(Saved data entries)
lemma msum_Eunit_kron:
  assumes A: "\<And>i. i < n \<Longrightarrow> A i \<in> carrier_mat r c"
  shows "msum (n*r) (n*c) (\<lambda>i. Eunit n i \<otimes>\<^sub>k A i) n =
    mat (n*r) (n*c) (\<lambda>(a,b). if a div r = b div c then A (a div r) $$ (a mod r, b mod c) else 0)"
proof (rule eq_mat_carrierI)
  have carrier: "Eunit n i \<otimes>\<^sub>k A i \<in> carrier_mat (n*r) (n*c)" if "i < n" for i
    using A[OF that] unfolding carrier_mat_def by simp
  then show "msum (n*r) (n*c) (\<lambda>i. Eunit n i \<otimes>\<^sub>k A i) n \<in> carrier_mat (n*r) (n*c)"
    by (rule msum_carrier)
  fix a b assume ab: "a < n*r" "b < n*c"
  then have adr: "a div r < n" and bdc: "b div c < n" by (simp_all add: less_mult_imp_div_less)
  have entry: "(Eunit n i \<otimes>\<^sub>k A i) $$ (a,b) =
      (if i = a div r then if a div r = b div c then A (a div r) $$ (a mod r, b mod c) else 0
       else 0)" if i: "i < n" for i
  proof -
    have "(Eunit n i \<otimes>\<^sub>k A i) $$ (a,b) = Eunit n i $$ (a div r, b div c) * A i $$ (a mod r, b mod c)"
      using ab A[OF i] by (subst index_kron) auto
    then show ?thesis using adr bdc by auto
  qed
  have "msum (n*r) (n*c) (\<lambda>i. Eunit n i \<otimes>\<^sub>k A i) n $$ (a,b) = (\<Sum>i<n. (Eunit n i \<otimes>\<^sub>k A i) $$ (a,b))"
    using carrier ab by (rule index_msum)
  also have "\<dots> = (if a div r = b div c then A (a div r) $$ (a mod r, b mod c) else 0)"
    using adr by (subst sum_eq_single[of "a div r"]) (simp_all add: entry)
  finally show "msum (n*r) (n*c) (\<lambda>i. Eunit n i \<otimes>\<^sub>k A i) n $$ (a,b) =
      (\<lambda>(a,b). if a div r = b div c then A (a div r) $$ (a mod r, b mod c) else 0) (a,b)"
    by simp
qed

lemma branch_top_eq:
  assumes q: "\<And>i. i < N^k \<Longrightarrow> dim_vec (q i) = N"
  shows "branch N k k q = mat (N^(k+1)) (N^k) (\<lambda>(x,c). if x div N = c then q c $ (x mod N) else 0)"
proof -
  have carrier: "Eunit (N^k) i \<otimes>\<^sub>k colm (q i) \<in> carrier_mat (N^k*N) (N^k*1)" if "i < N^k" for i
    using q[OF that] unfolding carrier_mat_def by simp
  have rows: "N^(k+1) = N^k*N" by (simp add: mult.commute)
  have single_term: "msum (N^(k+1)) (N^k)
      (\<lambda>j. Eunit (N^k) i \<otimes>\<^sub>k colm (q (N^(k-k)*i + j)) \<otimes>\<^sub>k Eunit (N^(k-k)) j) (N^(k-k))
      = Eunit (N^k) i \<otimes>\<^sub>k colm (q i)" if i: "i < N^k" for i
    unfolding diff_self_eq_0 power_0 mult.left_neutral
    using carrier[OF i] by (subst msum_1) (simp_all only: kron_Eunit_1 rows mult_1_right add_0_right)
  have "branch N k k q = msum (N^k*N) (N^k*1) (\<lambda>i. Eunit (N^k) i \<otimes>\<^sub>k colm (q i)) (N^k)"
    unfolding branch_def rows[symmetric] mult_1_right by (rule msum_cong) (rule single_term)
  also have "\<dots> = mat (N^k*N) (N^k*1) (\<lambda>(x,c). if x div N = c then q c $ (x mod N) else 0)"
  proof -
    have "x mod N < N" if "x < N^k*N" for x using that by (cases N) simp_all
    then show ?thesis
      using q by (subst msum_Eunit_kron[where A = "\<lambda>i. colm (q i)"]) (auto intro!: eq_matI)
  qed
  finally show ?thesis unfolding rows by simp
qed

> _Description of the task_
Set every record down again, exactly as given.

> _Finished exercise_
lemma msum_Eunit_kron:
  assumes A: "\<And>i. i < n \<Longrightarrow> A i \<in> carrier_mat r c"
  shows "msum (n*r) (n*c) (\<lambda>i. Eunit n i \<otimes>\<^sub>k A i) n =
    mat (n*r) (n*c) (\<lambda>(a,b). if a div r = b div c then A (a div r) $$ (a mod r, b mod c) else 0)"
proof (rule eq_mat_carrierI)
  have carrier: "Eunit n i \<otimes>\<^sub>k A i \<in> carrier_mat (n*r) (n*c)" if "i < n" for i
    using A[OF that] unfolding carrier_mat_def by simp
  then show "msum (n*r) (n*c) (\<lambda>i. Eunit n i \<otimes>\<^sub>k A i) n \<in> carrier_mat (n*r) (n*c)"
    by (rule msum_carrier)
  fix a b assume ab: "a < n*r" "b < n*c"
  then have adr: "a div r < n" and bdc: "b div c < n" by (simp_all add: less_mult_imp_div_less)
  have entry: "(Eunit n i \<otimes>\<^sub>k A i) $$ (a,b) =
      (if i = a div r then if a div r = b div c then A (a div r) $$ (a mod r, b mod c) else 0
       else 0)" if i: "i < n" for i
  proof -
    have "(Eunit n i \<otimes>\<^sub>k A i) $$ (a,b) = Eunit n i $$ (a div r, b div c) * A i $$ (a mod r, b mod c)"
      using ab A[OF i] by (subst index_kron) auto
    then show ?thesis using adr bdc by auto
  qed
  have "msum (n*r) (n*c) (\<lambda>i. Eunit n i \<otimes>\<^sub>k A i) n $$ (a,b) = (\<Sum>i<n. (Eunit n i \<otimes>\<^sub>k A i) $$ (a,b))"
    using carrier ab by (rule index_msum)
  also have "\<dots> = (if a div r = b div c then A (a div r) $$ (a mod r, b mod c) else 0)"
    using adr by (subst sum_eq_single[of "a div r"]) (simp_all add: entry)
  finally show "msum (n*r) (n*c) (\<lambda>i. Eunit n i \<otimes>\<^sub>k A i) n $$ (a,b) =
      (\<lambda>(a,b). if a div r = b div c then A (a div r) $$ (a mod r, b mod c) else 0) (a,b)"
    by simp
qed

lemma branch_top_eq:
  assumes q: "\<And>i. i < N^k \<Longrightarrow> dim_vec (q i) = N"
  shows "branch N k k q = mat (N^(k+1)) (N^k) (\<lambda>(x,c). if x div N = c then q c $ (x mod N) else 0)"
proof -
  have carrier: "Eunit (N^k) i \<otimes>\<^sub>k colm (q i) \<in> carrier_mat (N^k*N) (N^k*1)" if "i < N^k" for i
    using q[OF that] unfolding carrier_mat_def by simp
  have rows: "N^(k+1) = N^k*N" by (simp add: mult.commute)
  have single_term: "msum (N^(k+1)) (N^k)
      (\<lambda>j. Eunit (N^k) i \<otimes>\<^sub>k colm (q (N^(k-k)*i + j)) \<otimes>\<^sub>k Eunit (N^(k-k)) j) (N^(k-k))
      = Eunit (N^k) i \<otimes>\<^sub>k colm (q i)" if i: "i < N^k" for i
    unfolding diff_self_eq_0 power_0 mult.left_neutral
    using carrier[OF i] by (subst msum_1) (simp_all only: kron_Eunit_1 rows mult_1_right add_0_right)
  have "branch N k k q = msum (N^k*N) (N^k*1) (\<lambda>i. Eunit (N^k) i \<otimes>\<^sub>k colm (q i)) (N^k)"
    unfolding branch_def rows[symmetric] mult_1_right by (rule msum_cong) (rule single_term)
  also have "\<dots> = mat (N^k*N) (N^k*1) (\<lambda>(x,c). if x div N = c then q c $ (x mod N) else 0)"
  proof -
    have "x mod N < N" if "x < N^k*N" for x using that by (cases N) simp_all
    then show ?thesis
      using q by (subst msum_Eunit_kron[where A = "\<lambda>i. colm (q i)"]) (auto intro!: eq_matI)
  qed
  finally show ?thesis unfolding rows by simp
qed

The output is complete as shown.